TWI704665B - Back end of line passivation structure and fabricating method thereof - Google Patents

Abstract

A back end of line (BEOL) passivation structure and fabricating method thereof are provided. The passivation structure includes a semiconductor chip with a plurality of conductive lines, a first oxide layer, a spin-on glass (SOG) layer, a second oxide layer and a nitride layer. The conductive lines have a first aspect ratio more than 1.5 therebetween. The first oxide layer is conformally deposited on the surfaces of the conductive lines and the surface of the semiconductor chip. The SOG layer is disposed on the first oxide layer between each two of the conductive lines, and the SOG layer has a U-shaped cross section and a second aspect ratio of 0.3-0.8. The second oxide layer is conformally deposited on the surface of the first oxide layer and the surface of the SOG layer. The nitride layer is disposed on the second oxide layer.

Description

Protective layer structure of back-end manufacturing process and manufacturing method thereof

The present invention relates to a back-end (BEOL) manufacturing process of a semiconductor manufacturing process, and particularly relates to a back-end manufacturing process and a protective layer structure and a manufacturing method thereof.

The semiconductor process includes a front-end process and a back-end process, and the packaging process is performed after the back-end process.

Usually after the packaging process, component reliability tests such as temperature, humidity, bias (THB) test, high accelerated stress test (HAST) and other component reliability tests are carried out, mainly using high temperature, high humidity and high pressure The test conditions accelerate the penetration of water vapor through the protective layer or along the interface between the protective layer and the metal wire to the inside of the device to evaluate the IC's resistance to moisture corrosion.

However, due to the height (or thickness) of the wire structure in the later process, the wire structure has a high aspect ratio, which easily causes the protective layer deposited on the surface of the wire structure to have insufficient coverage near the bottom of the wire structure. It causes cracks in the protective layer and even metal lifting (metal lifting) to make the structure incomplete. It is particularly easy to obtain low yield results in circuit probe (CP) testing or back-end (FT) testing. In the reliability test (for example: HAST), there will be problems.

Therefore, strengthening the entire structure and solving the high aspect ratio required by the manufacturing process are currently urgent problems to be solved.

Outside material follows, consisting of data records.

lemma mono_multichoose:
  assumes "c \<ge> 1" shows "mono (multichoose c)"
  unfolding mono_iff_le_Suc
proof
  fix k
  have "multichoose c k * 1 \<le> multichoose c k * ((c + k) / (k + 1))"
    using assms by (intro mult_left_mono multichoose_nonneg) auto
  thus "multichoose c k \<le> multichoose c (Suc k)" by (simp add: multichoose_Suc)
qed

lemma multichoose_recurrence: "real k * multichoose c k = c * (\<Sum>i<k. multichoose c i)"
proof (induction k)
  case (Suc k)
  have "real (Suc k) * multichoose c (Suc k) = c * multichoose c k + real k * multichoose c k"
    by (simp add: multichoose_Suc field_simps)
  thus ?case using Suc by (simp add: algebra_simps)
qed simp

lemma multichoose_majorant_recurrence:
  fixes s t c :: real and p :: nat
  assumes "s \<ge> 0" "t \<ge> 0" "p \<ge> 1" and c: "c = s + t / p" "c \<ge> 1"
  shows "(\<Sum>i<k. multichoose c i * (s + (if p dvd (k - i) then t else 0))) \<le> real k * multichoose c k"
proof -
  define G where "G = (\<Sum>i<k. if p dvd (k - i) then multichoose c i else 0)"
  have "real p * G \<le> (\<Sum>i<k. multichoose c i)"
    unfolding G_def using assms by (intro sum_dvd_diff_le_sum mono_multichoose multichoose_nonneg) auto
  hence "t / p * (real p * G) \<le> t / p * (\<Sum>i<k. multichoose c i)"
    using assms by (intro mult_left_mono) auto
  hence tG: "t * G \<le> t / p * (\<Sum>i<k. multichoose c i)" using assms by simp
  have "(\<Sum>i<k. multichoose c i * (s + (if p dvd (k - i) then t else 0)))
      = (\<Sum>i<k. s * multichoose c i + t * (if p dvd (k - i) then multichoose c i else 0))"
    by (intro sum.cong) (simp_all add: algebra_simps)
  also have "\<dots> = s * (\<Sum>i<k. multichoose c i) + t * G"
    by (simp add: G_def sum.distrib sum_distrib_left)
  also have "\<dots> \<le> c * (\<Sum>i<k. multichoose c i)"
    using tG c by (simp add: algebra_simps)
  also have "\<dots> = real k * multichoose c k" by (simp add: multichoose_recurrence)
  finally show ?thesis .
qed

section \<open>Additive characters of a finite field\<close>

definition add_subgroup :: "'a::ab_group_add set \<Rightarrow> bool" where
  "add_subgroup V \<longleftrightarrow> 0 \<in> V \<and> (\<forall>x\<in>V. \<forall>y\<in>V. x - y \<in> V)"

lemma add_subgroup_add:
  assumes "add_subgroup V" "x \<in> V" "y \<in> V" shows "x + y \<in> V"
proof -
  have "0 - y \<in> V" using assms unfolding add_subgroup_def by blast
  hence "x - (0 - y) \<in> V" using assms unfolding add_subgroup_def by blast
  thus ?thesis by simp
qed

The present invention provides a protective layer structure of the back-end manufacturing process, which can prevent the protective layer from cracking or lifting of the metal wire, and maintain the integrity of the structure after undergoing the reliability test of high temperature and humidity, In turn, IC reliability is improved.

The present invention provides a method for manufacturing a protective layer structure in a back-end manufacturing process, which reduces the aspect ratio of the wire structure without increasing the mask, so as to strengthen the protective layer structure and achieve the purpose of protecting components.

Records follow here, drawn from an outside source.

(* Let $Q$ be a rational function with distinct poles $z_1,\dotsc,z_d$ ($d\ge1$) of orders $r_1,\dotsc,r_d$. Put $P=\prod_{i=1}^d(z-z_i)^{r_i}$ and $P_0=\prod_{i=1}^d(z-z_i)$, and for each $n\ge1$ write $Q^{(n)}=\frac{\alpha_nR_n}{PP_0^n}$ with $\alpha_n\in\mathbb{C}$ and $R_n\in\mathbb{C}[z]$ monic. Then $\frac{\log|n!/\alpha_n|}{n}\to0$ as $n\to\infty$. *)

theory Defs
  imports "HOL-Analysis.Analysis" "HOL-Computational_Algebra.Polynomial"
begin

text \<open>A rational function Q = N / D with N, D coprime complex polynomials, D nonzero.
  Its poles are the roots of D; the order of the pole z is the multiplicity of z as a root of D.\<close>

definition rat_fun :: "complex poly \<Rightarrow> complex poly \<Rightarrow> complex \<Rightarrow> complex" where
  "rat_fun N D = (\<lambda>z. poly N z / poly D z)"

definition poles :: "complex poly \<Rightarrow> complex set" where
  "poles D = {z. poly D z = 0}"

definition pole_poly :: "complex poly \<Rightarrow> complex poly" where
  "pole_poly D = (\<Prod>z\<in>poles D. [:-z, 1:] ^ order z D)"

definition pole_poly0 :: "complex poly \<Rightarrow> complex poly" where
  "pole_poly0 D = (\<Prod>z\<in>poles D. [:-z, 1:])"

end

theory Submission
  imports Defs "HOL-Real_Asymp.Real_Asymp"
begin

text \<open>
  The n-th derivative of N/D is A_n / D^(n+1) with A_0 = N and
  A_(n+1) = A_n' D - (n+1) A_n D'. Comparing leading coefficients with the normal form
  gives alpha_n lc(D)^(n+1) = lc(A_n), since P and P_0 are monic.
  With d = deg D \<ge> 1, each step raises deg A_n by at most d - 1, so eventually the
  defect m = (n+1) d - deg A_n is positive. From then on the coefficient of degree
  deg A_n + d - 1 in A_(n+1) is -m lc(A_n) lc(D) \<noteq> 0 and the defect grows by one,
  so |alpha_(n0+j)| = K m (m+1) ... (m+j-1), which differs from (n0+j)! only by a factor
  polynomial in j. If instead A_n0 = 0, then alpha vanishes from n0 on and the sequence
  is eventually 0 because ln 0 = 0.
\<close>

subsection \<open>Numerators of the derivatives of a rational function\<close>

primrec deriv_numerator :: "'a::idom poly \<Rightarrow> 'a poly \<Rightarrow> nat \<Rightarrow> 'a poly" where
  "deriv_numerator N D 0 = N"
| "deriv_numerator N D (Suc n) =
     pderiv (deriv_numerator N D n) * D - smult (of_nat (Suc n)) (deriv_numerator N D n * pderiv D)"

lemma higher_deriv_rat_fun:
  assumes "poly D z \<noteq> 0"
  shows "(deriv ^^ n) (rat_fun N D) z = poly (deriv_numerator N D n) z / poly D z ^ Suc n"
  using assms
proof (induction n arbitrary: z)
  case 0
  then show ?case by (simp add: rat_fun_def)
next
  case (Suc n)
  let ?A = "deriv_numerator N D n"
  let ?g = "\<lambda>w. poly ?A w / poly D w ^ Suc n"
  have "open {w. poly D w \<noteq> 0}"
    by (rule open_Collect_neq) (auto intro: continuous_intros)
  then have "\<forall>\<^sub>F w in nhds z. (deriv ^^ n) (rat_fun N D) w = ?g w"
    using Suc by (auto elim!: eventually_mono[OF eventually_nhds_in_open])
  then have "(deriv ^^ Suc n) (rat_fun N D) z = deriv ?g z"
    by (simp add: deriv_cong_ev)
  also have "\<dots> = (poly (pderiv ?A) z * poly D z ^ Suc n
      - poly ?A z * ((1 + of_nat n) * (poly (pderiv D) z * poly D z ^ n)))
      / (poly D z ^ Suc n * poly D z ^ Suc n)"
    using Suc.prems by (intro DERIV_imp_deriv DERIV_divide poly_DERIV DERIV_power_Suc) auto
  also have "\<dots> = poly (deriv_numerator N D (Suc n)) z / poly D z ^ Suc (Suc n)"
    using Suc.prems by (simp add: field_simps)
  finally show ?case .
qed

lemma coeff_mult_degree_le:
  fixes p q :: "'a::comm_semiring_1 poly"
  assumes "degree p \<le> i" "degree q \<le> j"
  shows "coeff (p * q) (i + j) = coeff p i * coeff q j"
proof -
  have "coeff (p * q) (i + j) = (\<Sum>k\<le>i+j. coeff p k * coeff q (i + j - k))"
    by (simp add: coeff_mult)
  also have "\<dots> = (\<Sum>k\<in>{i}. coeff p k * coeff q (i + j - k))"
  proof (rule sum.mono_neutral_right)
    show "\<forall>k\<in>{..i + j} - {i}. coeff p k * coeff q (i + j - k) = 0"
    proof
      fix k assume k: "k \<in> {..i + j} - {i}"
      show "coeff p k * coeff q (i + j - k) = 0"
      proof (cases "k < i")
        case True
        with assms have "coeff q (i + j - k) = 0" by (intro coeff_eq_0) auto
        then show ?thesis by simp
      next
        case False
        with assms k have "coeff p k = 0" by (intro coeff_eq_0) auto
        then show ?thesis by simp
      qed
    qed
  qed auto
  finally show ?thesis by simp
qed

lemma degree_deriv_numerator_Suc_le:
  fixes N D :: "'a::{idom,ring_char_0} poly"
  assumes "degree D \<ge> 1"
  shows "degree (deriv_numerator N D (Suc n)) \<le> degree (deriv_numerator N D n) + degree D - 1"
proof -
  let ?A = "deriv_numerator N D n"
  have "degree (pderiv ?A * D) \<le> degree ?A + degree D - 1"
  proof (cases "degree ?A = 0")
    case True
    then have "pderiv ?A = 0" by (simp add: pderiv_eq_0_iff)
    then show ?thesis by simp
  next
    case False
    then show ?thesis
      using degree_mult_le[of "pderiv ?A" D] by (simp add: degree_pderiv)
  qed
  moreover have "degree (smult (of_nat (Suc n)) (?A * pderiv D)) \<le> degree ?A + degree D - 1"
    using degree_smult_le[of "of_nat (Suc n)" "?A * pderiv D"] degree_mult_le[of ?A "pderiv D"]
      assms by (simp add: degree_pderiv)
  ultimately show ?thesis
    by (simp add: degree_diff_le)
qed

lemma degree_deriv_numerator_le:
  fixes N D :: "'a::{idom,ring_char_0} poly"
  assumes "degree D \<ge> 1"
  shows "degree (deriv_numerator N D n) + n \<le> degree N + n * degree D"
proof (induction n)
  case (Suc n)
  then show ?case using degree_deriv_numerator_Suc_le[OF assms, of N n] assms by simp
qed simp

lemma coeff_deriv_numerator_Suc:
  fixes N D :: "'a::{idom,ring_char_0} poly"
  assumes "degree D \<ge> 1"
  shows "coeff (deriv_numerator N D (Suc n)) (degree (deriv_numerator N D n) + degree D - 1)
     = lead_coeff (deriv_numerator N D n) * lead_coeff D
       * (of_nat (degree (deriv_numerator N D n)) - of_nat (Suc n) * of_nat (degree D))"
proof -
  define A where "A = deriv_numerator N D n"
  let ?a = "degree A" and ?d = "degree D"
  have "coeff (pderiv A * D) (?a + ?d - 1) = of_nat ?a * lead_coeff A * lead_coeff D"
  proof (cases "?a = 0")
    case True
    then have "pderiv A = 0" by (simp add: pderiv_eq_0_iff)
    with True show ?thesis by simp
  next
    case False
    then have "coeff (pderiv A * D) ((?a - 1) + ?d) = coeff (pderiv A) (?a - 1) * coeff D ?d"
      by (intro coeff_mult_degree_le) (auto simp: degree_pderiv)
    with False show ?thesis by (simp add: coeff_pderiv)
  qed
  moreover have "coeff (A * pderiv D) (?a + ?d - 1) = lead_coeff A * (of_nat ?d * lead_coeff D)"
  proof -
    have "coeff (A * pderiv D) (?a + (?d - 1)) = coeff A ?a * coeff (pderiv D) (?d - 1)"
      by (intro coeff_mult_degree_le) (auto simp: degree_pderiv)
    with assms show ?thesis by (simp add: coeff_pderiv)
  qed
  ultimately show ?thesis
    by (simp add: A_def[symmetric] algebra_simps)
qed

lemma deriv_numerator_Suc_lead:
  fixes N D :: "'a::{idom,ring_char_0} poly"
  assumes d: "degree D \<ge> 1" and nz: "deriv_numerator N D n \<noteq> 0"
    and m: "degree (deriv_numerator N D n) + m = Suc n * degree D" "m \<ge> 1"
  shows "degree (deriv_numerator N D (Suc n)) + Suc m = Suc (Suc n) * degree D"
    and "lead_coeff (deriv_numerator N D (Suc n))
           = - of_nat m * lead_coeff (deriv_numerator N D n) * lead_coeff D"
proof -
  let ?A = "deriv_numerator N D n" and ?B = "deriv_numerator N D (Suc n)"
  have "(of_nat (degree ?A) - of_nat (Suc n) * of_nat (degree D) :: 'a) = - of_nat m"
    using arg_cong[OF m(1), of "of_nat :: nat \<Rightarrow> 'a"] by (simp add: algebra_simps)
  then have c: "coeff ?B (degree ?A + degree D - 1) = - of_nat m * lead_coeff ?A * lead_coeff D"
    using coeff_deriv_numerator_Suc[OF d, of N n] by simp
  moreover have "lead_coeff D \<noteq> 0" using d by auto
  ultimately have "coeff ?B (degree ?A + degree D - 1) \<noteq> 0"
    using nz m(2) by simp
  then have deg: "degree ?B = degree ?A + degree D - 1"
    using le_degree degree_deriv_numerator_Suc_le[OF d, of N n] by (meson antisym)
  with d m(1) show "degree ?B + Suc m = Suc (Suc n) * degree D"
    by simp
  from deg c show "lead_coeff ?B = - of_nat m * lead_coeff ?A * lead_coeff D"
    by simp
qed

lemma deriv_numerator_tail:
  fixes N D :: "'a::{idom,ring_char_0} poly"
  assumes d: "degree D \<ge> 1" and nz: "deriv_numerator N D n \<noteq> 0"
    and m: "degree (deriv_numerator N D n) + m = Suc n * degree D" "m \<ge> 1"
  shows "degree (deriv_numerator N D (n + j)) + (m + j) = Suc (n + j) * degree D \<and>
         lead_coeff (deriv_numerator N D (n + j))
           = (-1) ^ j * of_nat (pochhammer m j) * lead_coeff (deriv_numerator N D n) * lead_coeff D ^ j"
proof (induction j)
  case 0
  then show ?case using m(1) by simp
next
  case (Suc j)
  let ?A = "deriv_numerator N D (n + j)"
  from Suc.IH have deg: "degree ?A + (m + j) = Suc (n + j) * degree D"
    and lc: "lead_coeff ?A
      = (-1) ^ j * of_nat (pochhammer m j) * lead_coeff (deriv_numerator N D n) * lead_coeff D ^ j"
    by blast+
  have "pochhammer m j \<noteq> 0" "lead_coeff D \<noteq> 0"
    using pochhammer_pos[of m j] m(2) d by auto
  with lc nz have "?A \<noteq> 0"
    by auto
  from deriv_numerator_Suc_lead[OF d this deg] m(2) lc show ?case
    by (simp del: deriv_numerator.simps add: pochhammer_rec' algebra_simps)
qed

subsection \<open>The normalising constants\<close>

lemma poly_eq_on_infinite:
  fixes p q :: "'a::idom poly"
  assumes "infinite S" "\<And>z. z \<in> S \<Longrightarrow> poly p z = poly q z"
  shows "p = q"
proof (rule ccontr)
  assume "p \<noteq> q"
  then have "finite {z. poly (p - q) z = 0}"
    by (intro poly_roots_finite) simp
  moreover have "S \<subseteq> {z. poly (p - q) z = 0}"
    using assms(2) by auto
  ultimately show False
    using assms(1) finite_subset by blast
qed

The protective layer structure of the back-end process of the present invention includes a semiconductor wafer with a plurality of wire structures, a first oxide layer, a spin-on glass (SOG) layer, a second oxide layer and a nitride layer. These wire structures have an aspect ratio greater than 1.5. The first oxide layer is conformally deposited on the surface of the wire structure and the surface of the semiconductor wafer. The SOG layer is located on the first oxide layer between every two wire structures, and the SOG layer has a U-shaped cross section and a second aspect ratio of 0.3 to 0.8. The second oxide layer is conformally deposited on the surface of the first oxide layer and the surface of the SOG layer, and the nitride layer is located on the second oxide layer.

In an embodiment of the present invention, the thickness of the first oxide layer is between 2000 Å and 4000 Å.

In an embodiment of the present invention, the height of the aforementioned wire structure is greater than 2 µm.

In an embodiment of the present invention, the height difference of the U-shaped cross-section of the SOG layer is less than 700 Å.

In an embodiment of the present invention, the first oxide layer located on the top of the wire structure directly contacts the second oxide layer.

In an embodiment of the present invention, the thickness of the aforementioned nitride layer is proportional to the height of each wire structure.

In an embodiment of the present invention, the material of the aforementioned wire structure includes aluminum or aluminum alloy.

The manufacturing method of the protective layer structure of the back-end process of the present invention includes forming a plurality of wire structures on a semiconductor wafer, wherein the plurality of wire structures have a first aspect ratio between them, and the first aspect ratio is greater than 1.5. Then a first oxide layer is deposited conformally on the surface of the wire structure and the surface of the semiconductor wafer, and then spin-on glass is coated on the semiconductor wafer, and the spin-on glass is etched back until the first oxide layer on the top of the wire structure is exposed An oxide layer to form a spin-on glass (SOG) layer on the first oxide layer between every two wire structures, wherein the SOG layer has a U-shaped cross section, and the SOG layer has a second aspect ratio , Wherein the second aspect ratio is between 0.3 and 0.8. A second oxide layer is conformally deposited on the surface of the first oxide layer and the surface of the SOG layer, and then a nitride layer is formed on the second oxide layer.

In another embodiment of the present invention, the steps of depositing the second oxide layer and forming the nitride layer are continuously formed in the same machine.

In another embodiment of the present invention, the method for etching back spin-on glass includes a plasma etching process.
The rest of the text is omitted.